With the line containing "then show ?case" as the start and the line containing "proof (rule real_tendsto_sandwich[OF" as the end, transcribe that span of the entries below exactly, including both.

────────

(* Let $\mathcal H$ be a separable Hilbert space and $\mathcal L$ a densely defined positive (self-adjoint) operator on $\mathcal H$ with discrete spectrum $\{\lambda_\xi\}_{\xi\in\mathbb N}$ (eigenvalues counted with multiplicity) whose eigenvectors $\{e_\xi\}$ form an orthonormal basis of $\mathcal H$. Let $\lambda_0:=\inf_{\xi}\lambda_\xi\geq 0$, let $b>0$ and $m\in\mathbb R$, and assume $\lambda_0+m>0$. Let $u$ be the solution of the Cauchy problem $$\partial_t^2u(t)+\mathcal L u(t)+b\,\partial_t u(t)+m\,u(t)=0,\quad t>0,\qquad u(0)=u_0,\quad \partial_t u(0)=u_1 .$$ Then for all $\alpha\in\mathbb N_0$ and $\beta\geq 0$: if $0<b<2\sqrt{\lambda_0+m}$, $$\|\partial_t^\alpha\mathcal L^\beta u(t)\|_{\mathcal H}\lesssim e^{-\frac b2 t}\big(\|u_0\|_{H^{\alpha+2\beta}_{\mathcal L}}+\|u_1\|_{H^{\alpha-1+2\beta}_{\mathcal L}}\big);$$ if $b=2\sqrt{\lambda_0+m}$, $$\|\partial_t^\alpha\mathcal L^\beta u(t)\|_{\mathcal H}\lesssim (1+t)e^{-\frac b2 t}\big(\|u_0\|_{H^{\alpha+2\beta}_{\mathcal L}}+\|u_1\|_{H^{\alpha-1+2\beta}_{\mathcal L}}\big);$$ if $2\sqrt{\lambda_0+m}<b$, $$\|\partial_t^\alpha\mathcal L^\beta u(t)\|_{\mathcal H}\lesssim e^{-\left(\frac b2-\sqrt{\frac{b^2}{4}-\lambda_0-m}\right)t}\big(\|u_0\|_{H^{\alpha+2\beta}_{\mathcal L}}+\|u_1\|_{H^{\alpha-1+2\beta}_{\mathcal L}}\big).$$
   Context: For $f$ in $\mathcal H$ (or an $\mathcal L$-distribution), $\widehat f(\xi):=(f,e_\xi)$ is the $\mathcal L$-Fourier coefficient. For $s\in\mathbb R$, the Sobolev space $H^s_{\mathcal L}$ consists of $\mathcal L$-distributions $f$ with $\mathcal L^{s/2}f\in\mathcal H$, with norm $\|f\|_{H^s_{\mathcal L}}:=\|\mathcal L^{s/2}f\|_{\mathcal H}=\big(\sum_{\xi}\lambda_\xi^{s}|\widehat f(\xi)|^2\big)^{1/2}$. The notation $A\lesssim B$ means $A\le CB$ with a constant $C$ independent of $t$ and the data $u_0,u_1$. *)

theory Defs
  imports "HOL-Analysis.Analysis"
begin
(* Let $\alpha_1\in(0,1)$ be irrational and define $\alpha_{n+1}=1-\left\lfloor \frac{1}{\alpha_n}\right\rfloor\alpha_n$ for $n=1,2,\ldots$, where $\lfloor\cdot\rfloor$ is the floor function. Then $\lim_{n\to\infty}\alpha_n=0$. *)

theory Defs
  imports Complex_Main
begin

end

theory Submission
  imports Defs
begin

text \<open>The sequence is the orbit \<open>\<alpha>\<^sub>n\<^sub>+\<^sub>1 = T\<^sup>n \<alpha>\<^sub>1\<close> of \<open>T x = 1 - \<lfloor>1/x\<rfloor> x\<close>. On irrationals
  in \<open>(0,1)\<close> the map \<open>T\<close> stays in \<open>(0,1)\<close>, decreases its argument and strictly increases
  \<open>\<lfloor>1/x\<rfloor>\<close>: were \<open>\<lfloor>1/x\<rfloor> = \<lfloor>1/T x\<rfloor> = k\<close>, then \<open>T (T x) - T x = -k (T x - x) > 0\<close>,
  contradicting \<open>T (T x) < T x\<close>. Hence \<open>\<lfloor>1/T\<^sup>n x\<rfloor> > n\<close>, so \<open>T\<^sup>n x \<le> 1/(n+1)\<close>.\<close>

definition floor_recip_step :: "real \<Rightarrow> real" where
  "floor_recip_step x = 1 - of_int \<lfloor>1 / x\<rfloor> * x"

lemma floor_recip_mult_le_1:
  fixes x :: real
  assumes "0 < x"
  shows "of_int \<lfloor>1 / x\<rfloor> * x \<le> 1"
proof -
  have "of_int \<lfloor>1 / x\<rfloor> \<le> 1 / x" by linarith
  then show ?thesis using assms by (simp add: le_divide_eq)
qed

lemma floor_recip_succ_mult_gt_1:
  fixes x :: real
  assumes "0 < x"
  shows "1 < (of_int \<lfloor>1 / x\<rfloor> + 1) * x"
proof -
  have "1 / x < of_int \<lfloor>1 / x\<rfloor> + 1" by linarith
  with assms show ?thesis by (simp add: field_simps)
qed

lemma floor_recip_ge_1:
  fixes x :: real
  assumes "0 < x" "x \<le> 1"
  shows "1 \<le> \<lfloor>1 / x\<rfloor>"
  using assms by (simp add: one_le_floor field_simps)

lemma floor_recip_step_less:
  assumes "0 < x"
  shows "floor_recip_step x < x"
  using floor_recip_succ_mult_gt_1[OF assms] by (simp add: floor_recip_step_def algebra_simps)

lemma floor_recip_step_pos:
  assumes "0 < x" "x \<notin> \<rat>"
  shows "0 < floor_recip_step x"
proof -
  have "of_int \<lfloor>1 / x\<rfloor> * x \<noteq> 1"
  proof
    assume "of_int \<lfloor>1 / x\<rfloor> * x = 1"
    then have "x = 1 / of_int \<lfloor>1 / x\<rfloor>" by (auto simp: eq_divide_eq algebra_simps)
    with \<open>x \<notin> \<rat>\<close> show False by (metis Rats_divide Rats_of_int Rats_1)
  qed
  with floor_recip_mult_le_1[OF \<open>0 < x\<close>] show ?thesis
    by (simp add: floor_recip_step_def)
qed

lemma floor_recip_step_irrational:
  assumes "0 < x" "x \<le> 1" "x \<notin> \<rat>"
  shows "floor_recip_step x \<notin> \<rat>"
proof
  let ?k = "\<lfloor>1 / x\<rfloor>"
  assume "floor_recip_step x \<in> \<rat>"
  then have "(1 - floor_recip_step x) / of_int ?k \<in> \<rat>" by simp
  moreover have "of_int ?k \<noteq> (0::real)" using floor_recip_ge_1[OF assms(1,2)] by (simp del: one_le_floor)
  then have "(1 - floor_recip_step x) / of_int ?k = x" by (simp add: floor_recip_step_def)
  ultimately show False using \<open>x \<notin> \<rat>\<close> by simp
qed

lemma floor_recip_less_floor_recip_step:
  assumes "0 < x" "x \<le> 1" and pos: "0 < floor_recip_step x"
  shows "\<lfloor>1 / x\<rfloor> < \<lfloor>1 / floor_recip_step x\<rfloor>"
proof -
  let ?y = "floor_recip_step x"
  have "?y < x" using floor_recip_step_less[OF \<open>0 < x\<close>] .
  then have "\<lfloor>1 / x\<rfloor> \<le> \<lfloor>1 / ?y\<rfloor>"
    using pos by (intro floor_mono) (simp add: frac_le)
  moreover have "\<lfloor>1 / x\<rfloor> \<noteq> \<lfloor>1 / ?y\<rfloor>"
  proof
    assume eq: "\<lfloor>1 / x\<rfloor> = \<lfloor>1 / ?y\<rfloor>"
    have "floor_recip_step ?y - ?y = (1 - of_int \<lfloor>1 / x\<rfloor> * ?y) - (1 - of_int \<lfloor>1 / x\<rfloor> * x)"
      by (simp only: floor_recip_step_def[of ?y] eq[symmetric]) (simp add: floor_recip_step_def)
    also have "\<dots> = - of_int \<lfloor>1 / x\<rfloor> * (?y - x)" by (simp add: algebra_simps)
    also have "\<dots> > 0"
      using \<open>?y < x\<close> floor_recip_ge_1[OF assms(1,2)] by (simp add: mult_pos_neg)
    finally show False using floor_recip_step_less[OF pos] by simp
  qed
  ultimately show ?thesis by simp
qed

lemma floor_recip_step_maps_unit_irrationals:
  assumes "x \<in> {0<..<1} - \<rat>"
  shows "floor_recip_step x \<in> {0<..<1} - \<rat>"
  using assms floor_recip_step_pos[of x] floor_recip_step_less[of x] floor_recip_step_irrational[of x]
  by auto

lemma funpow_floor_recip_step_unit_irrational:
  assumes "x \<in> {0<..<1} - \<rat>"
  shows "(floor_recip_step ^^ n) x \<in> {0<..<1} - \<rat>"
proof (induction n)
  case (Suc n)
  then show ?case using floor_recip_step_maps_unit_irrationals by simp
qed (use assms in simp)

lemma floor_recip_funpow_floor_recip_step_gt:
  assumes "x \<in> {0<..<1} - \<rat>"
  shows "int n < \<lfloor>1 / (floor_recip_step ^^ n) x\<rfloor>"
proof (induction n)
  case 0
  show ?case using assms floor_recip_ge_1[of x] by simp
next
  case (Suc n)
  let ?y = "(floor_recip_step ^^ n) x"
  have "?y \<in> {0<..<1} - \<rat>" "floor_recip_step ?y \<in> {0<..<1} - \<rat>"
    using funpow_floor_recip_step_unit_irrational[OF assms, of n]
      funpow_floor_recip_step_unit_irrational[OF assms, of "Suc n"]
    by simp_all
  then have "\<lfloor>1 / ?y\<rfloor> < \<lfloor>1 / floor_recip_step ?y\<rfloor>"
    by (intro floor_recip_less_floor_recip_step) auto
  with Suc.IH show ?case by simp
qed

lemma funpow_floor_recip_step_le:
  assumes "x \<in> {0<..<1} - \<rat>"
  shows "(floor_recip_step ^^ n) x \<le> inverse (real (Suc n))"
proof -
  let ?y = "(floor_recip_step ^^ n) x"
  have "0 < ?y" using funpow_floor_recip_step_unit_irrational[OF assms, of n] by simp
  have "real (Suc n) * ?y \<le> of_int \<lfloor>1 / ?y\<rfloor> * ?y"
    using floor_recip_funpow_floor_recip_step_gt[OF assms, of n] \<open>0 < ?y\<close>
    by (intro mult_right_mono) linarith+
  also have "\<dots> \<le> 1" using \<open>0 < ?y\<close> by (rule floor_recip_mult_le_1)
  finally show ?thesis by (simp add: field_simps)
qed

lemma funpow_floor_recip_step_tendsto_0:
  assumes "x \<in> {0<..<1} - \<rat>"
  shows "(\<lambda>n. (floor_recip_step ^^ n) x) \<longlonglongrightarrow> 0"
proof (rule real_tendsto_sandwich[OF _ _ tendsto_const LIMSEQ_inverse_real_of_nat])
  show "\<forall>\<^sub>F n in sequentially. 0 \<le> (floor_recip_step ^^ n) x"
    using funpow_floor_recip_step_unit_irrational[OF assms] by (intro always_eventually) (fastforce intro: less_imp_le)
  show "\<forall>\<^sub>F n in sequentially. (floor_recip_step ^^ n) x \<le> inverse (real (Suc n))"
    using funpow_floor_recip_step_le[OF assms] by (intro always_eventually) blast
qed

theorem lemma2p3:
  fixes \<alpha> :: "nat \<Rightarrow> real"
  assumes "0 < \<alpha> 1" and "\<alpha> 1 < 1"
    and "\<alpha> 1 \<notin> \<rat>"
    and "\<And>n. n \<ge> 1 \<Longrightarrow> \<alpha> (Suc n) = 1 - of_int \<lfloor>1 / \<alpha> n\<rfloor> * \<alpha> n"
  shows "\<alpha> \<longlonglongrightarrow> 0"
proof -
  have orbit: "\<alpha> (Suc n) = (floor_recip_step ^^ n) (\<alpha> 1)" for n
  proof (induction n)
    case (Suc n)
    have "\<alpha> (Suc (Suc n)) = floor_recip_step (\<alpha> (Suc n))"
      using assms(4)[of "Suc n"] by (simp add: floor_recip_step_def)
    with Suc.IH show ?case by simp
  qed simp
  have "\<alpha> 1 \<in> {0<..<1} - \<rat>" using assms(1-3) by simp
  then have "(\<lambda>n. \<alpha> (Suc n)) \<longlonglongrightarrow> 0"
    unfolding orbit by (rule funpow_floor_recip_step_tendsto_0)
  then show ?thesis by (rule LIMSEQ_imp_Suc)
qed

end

────────

> [Answer to this problem]
  then show ?case using floor_recip_step_maps_unit_irrationals by simp
qed (use assms in simp)

lemma floor_recip_funpow_floor_recip_step_gt:
  assumes "x \<in> {0<..<1} - \<rat>"
  shows "int n < \<lfloor>1 / (floor_recip_step ^^ n) x\<rfloor>"
proof (induction n)
  case 0
  show ?case using assms floor_recip_ge_1[of x] by simp
next
  case (Suc n)
  let ?y = "(floor_recip_step ^^ n) x"
  have "?y \<in> {0<..<1} - \<rat>" "floor_recip_step ?y \<in> {0<..<1} - \<rat>"
    using funpow_floor_recip_step_unit_irrational[OF assms, of n]
      funpow_floor_recip_step_unit_irrational[OF assms, of "Suc n"]
    by simp_all
  then have "\<lfloor>1 / ?y\<rfloor> < \<lfloor>1 / floor_recip_step ?y\<rfloor>"
    by (intro floor_recip_less_floor_recip_step) auto
  with Suc.IH show ?case by simp
qed

lemma funpow_floor_recip_step_le:
  assumes "x \<in> {0<..<1} - \<rat>"
  shows "(floor_recip_step ^^ n) x \<le> inverse (real (Suc n))"
proof -
  let ?y = "(floor_recip_step ^^ n) x"
  have "0 < ?y" using funpow_floor_recip_step_unit_irrational[OF assms, of n] by simp
  have "real (Suc n) * ?y \<le> of_int \<lfloor>1 / ?y\<rfloor> * ?y"
    using floor_recip_funpow_floor_recip_step_gt[OF assms, of n] \<open>0 < ?y\<close>
    by (intro mult_right_mono) linarith+
  also have "\<dots> \<le> 1" using \<open>0 < ?y\<close> by (rule floor_recip_mult_le_1)
  finally show ?thesis by (simp add: field_simps)
qed

lemma funpow_floor_recip_step_tendsto_0:
  assumes "x \<in> {0<..<1} - \<rat>"
  shows "(\<lambda>n. (floor_recip_step ^^ n) x) \<longlonglongrightarrow> 0"
proof (rule real_tendsto_sandwich[OF _ _ tendsto_const LIMSEQ_inverse_real_of_nat])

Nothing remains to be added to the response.